Collected data entries:
(* Let $n\ge 3$. For the Grassmannian ${\rm Gr}(3,n)$, the block diagonal matching field polytopes $P_{\mathcal{B}_0}$ and $P_{\mathcal{B}_1}$ can be obtained from one another by a sequence of combinatorial mutations.
   Context: For $k=3$: for each $3$-subset $I=\{i_1<i_2<i_3\}$ of $[n]$ a matching field assigns $\sigma=\Lambda(I)\in S_3$; its polytope $P_\Lambda\subset\mathbb{R}^{3\times n}$ is the convex hull of the vectors $\sum_{r=1}^3 e_{\sigma(r),i_r}$ ($e_{i,j}$ the standard basis matrices). For $0\le\ell\le n$, the block diagonal matching field $\mathcal{B}_\ell$ has $\mathcal{B}_\ell(I)=\mathrm{id}$ if $|I\cap\{1,\dots,\ell\}|\ne1$ and $(12)$ otherwise. Combinatorial mutation: with $N\cong\mathbb{Z}^d$, $M$ its dual, $w\in M$ primitive and $F\subset w^\perp\subset N_\mathbb{R}$ a lattice polytope, the tropical map is $\varphi_{w,F}(u)=u-(\min_{f\in F}\langle f,u\rangle)w$; if $P\subset M_\mathbb{R}$ is a lattice polytope containing the origin and $\varphi_{w,F}(P)$ is convex, it is a combinatorial mutation of $P$. A sequence of combinatorial mutations is a finite chain of polytopes in which consecutive polytopes are related, after identification via lattice-preserving affine isomorphisms (unimodular equivalences) of the lattices they span, either by a unimodular equivalence or by a combinatorial mutation. *)

theory Defs
  imports "HOL-Analysis.Analysis" "HOL-Analysis.Finite_Function_Topology"
    "HOL-Combinatorics.Transposition"
begin

text \<open>Points of the real vector spaces R^d are finitely supported functions
  finitely supported real functions on nat; R^d is the set of those supported in {0..<d}.\<close>

type_synonym pt = "nat \<Rightarrow>\<^sub>0 real"

definition rsp :: "nat \<Rightarrow> pt set" where
  "rsp d = {x. \<forall>i\<ge>d. Poly_Mapping.lookup x i = 0}"

definition intpt :: "pt \<Rightarrow> bool" where
  "intpt x \<longleftrightarrow> (\<forall>i. Poly_Mapping.lookup x i \<in> \<int>)"

definition lat :: "nat \<Rightarrow> pt set" where
  "lat d = {x \<in> rsp d. intpt x}"

definition lattice_polytope_in :: "nat \<Rightarrow> pt set \<Rightarrow> bool" where
  "lattice_polytope_in d P \<longleftrightarrow>
     (\<exists>V. finite V \<and> V \<noteq> {} \<and> V \<subseteq> lat d \<and> P = convex hull V)"
lemma structure_endomorphism_center_eq_0:
  fixes g :: "'a::euclidean_space \<Rightarrow> 'a \<Rightarrow> real" and e :: "nat \<Rightarrow> 'a"
  assumes "pseudo_euclidean_form g" "inj_on e {..<p}" "independent (e ` {..<p})"
    and "\<And>u v. L u v = (\<Sum>i<p. g (J i u) v *\<^sub>R e i)"
    and "z \<in> center L" "i < p"
  shows "J i z = 0"
proof -
  interpret pseudo_euclidean g by (rule pseudo_euclidean.intro) fact
  have sum_eq_0: "(\<Sum>i<p. g (J i z) v *\<^sub>R e i) = 0" for v
    using assms(4,5) by (simp add: center_def)
  have "g (J i z) v = g 0 v" for v
    using independent_image_coeff_eq_0[OF finite_lessThan assms(2,3), of "\<lambda>i. g (J i z) v" i]
      assms(6) sum_eq_0 by simp
  then show ?thesis by (rule g_eqI)
qed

◆ Task goal
Return all of the entries exactly as they were supplied.

◆ Response area
(* Let $n\ge 3$. For the Grassmannian ${\rm Gr}(3,n)$, the block diagonal matching field polytopes $P_{\mathcal{B}_0}$ and $P_{\mathcal{B}_1}$ can be obtained from one another by a sequence of combinatorial mutations.
   Context: For $k=3$: for each $3$-subset $I=\{i_1<i_2<i_3\}$ of $[n]$ a matching field assigns $\sigma=\Lambda(I)\in S_3$; its polytope $P_\Lambda\subset\mathbb{R}^{3\times n}$ is the convex hull of the vectors $\sum_{r=1}^3 e_{\sigma(r),i_r}$ ($e_{i,j}$ the standard basis matrices). For $0\le\ell\le n$, the block diagonal matching field $\mathcal{B}_\ell$ has $\mathcal{B}_\ell(I)=\mathrm{id}$ if $|I\cap\{1,\dots,\ell\}|\ne1$ and $(12)$ otherwise. Combinatorial mutation: with $N\cong\mathbb{Z}^d$, $M$ its dual, $w\in M$ primitive and $F\subset w^\perp\subset N_\mathbb{R}$ a lattice polytope, the tropical map is $\varphi_{w,F}(u)=u-(\min_{f\in F}\langle f,u\rangle)w$; if $P\subset M_\mathbb{R}$ is a lattice polytope containing the origin and $\varphi_{w,F}(P)$ is convex, it is a combinatorial mutation of $P$. A sequence of combinatorial mutations is a finite chain of polytopes in which consecutive polytopes are related, after identification via lattice-preserving affine isomorphisms (unimodular equivalences) of the lattices they span, either by a unimodular equivalence or by a combinatorial mutation. *)

theory Defs
  imports "HOL-Analysis.Analysis" "HOL-Analysis.Finite_Function_Topology"
    "HOL-Combinatorics.Transposition"
begin

text \<open>Points of the real vector spaces R^d are finitely supported functions
  finitely supported real functions on nat; R^d is the set of those supported in {0..<d}.\<close>

type_synonym pt = "nat \<Rightarrow>\<^sub>0 real"

definition rsp :: "nat \<Rightarrow> pt set" where
  "rsp d = {x. \<forall>i\<ge>d. Poly_Mapping.lookup x i = 0}"

definition intpt :: "pt \<Rightarrow> bool" where
  "intpt x \<longleftrightarrow> (\<forall>i. Poly_Mapping.lookup x i \<in> \<int>)"

definition lat :: "nat \<Rightarrow> pt set" where
  "lat d = {x \<in> rsp d. intpt x}"

definition lattice_polytope_in :: "nat \<Rightarrow> pt set \<Rightarrow> bool" where
  "lattice_polytope_in d P \<longleftrightarrow>
     (\<exists>V. finite V \<and> V \<noteq> {} \<and> V \<subseteq> lat d \<and> P = convex hull V)"
lemma structure_endomorphism_center_eq_0:
  fixes g :: "'a::euclidean_space \<Rightarrow> 'a \<Rightarrow> real" and e :: "nat \<Rightarrow> 'a"
  assumes "pseudo_euclidean_form g" "inj_on e {..<p}" "independent (e ` {..<p})"
    and "\<And>u v. L u v = (\<Sum>i<p. g (J i u) v *\<^sub>R e i)"
    and "z \<in> center L" "i < p"
  shows "J i z = 0"
proof -
  interpret pseudo_euclidean g by (rule pseudo_euclidean.intro) fact
  have sum_eq_0: "(\<Sum>i<p. g (J i z) v *\<^sub>R e i) = 0" for v
    using assms(4,5) by (simp add: center_def)
  have "g (J i z) v = g 0 v" for v
    using independent_image_coeff_eq_0[OF finite_lessThan assms(2,3), of "\<lambda>i. g (J i z) v" i]
      assms(6) sum_eq_0 by simp
  then show ?thesis by (rule g_eqI)
qed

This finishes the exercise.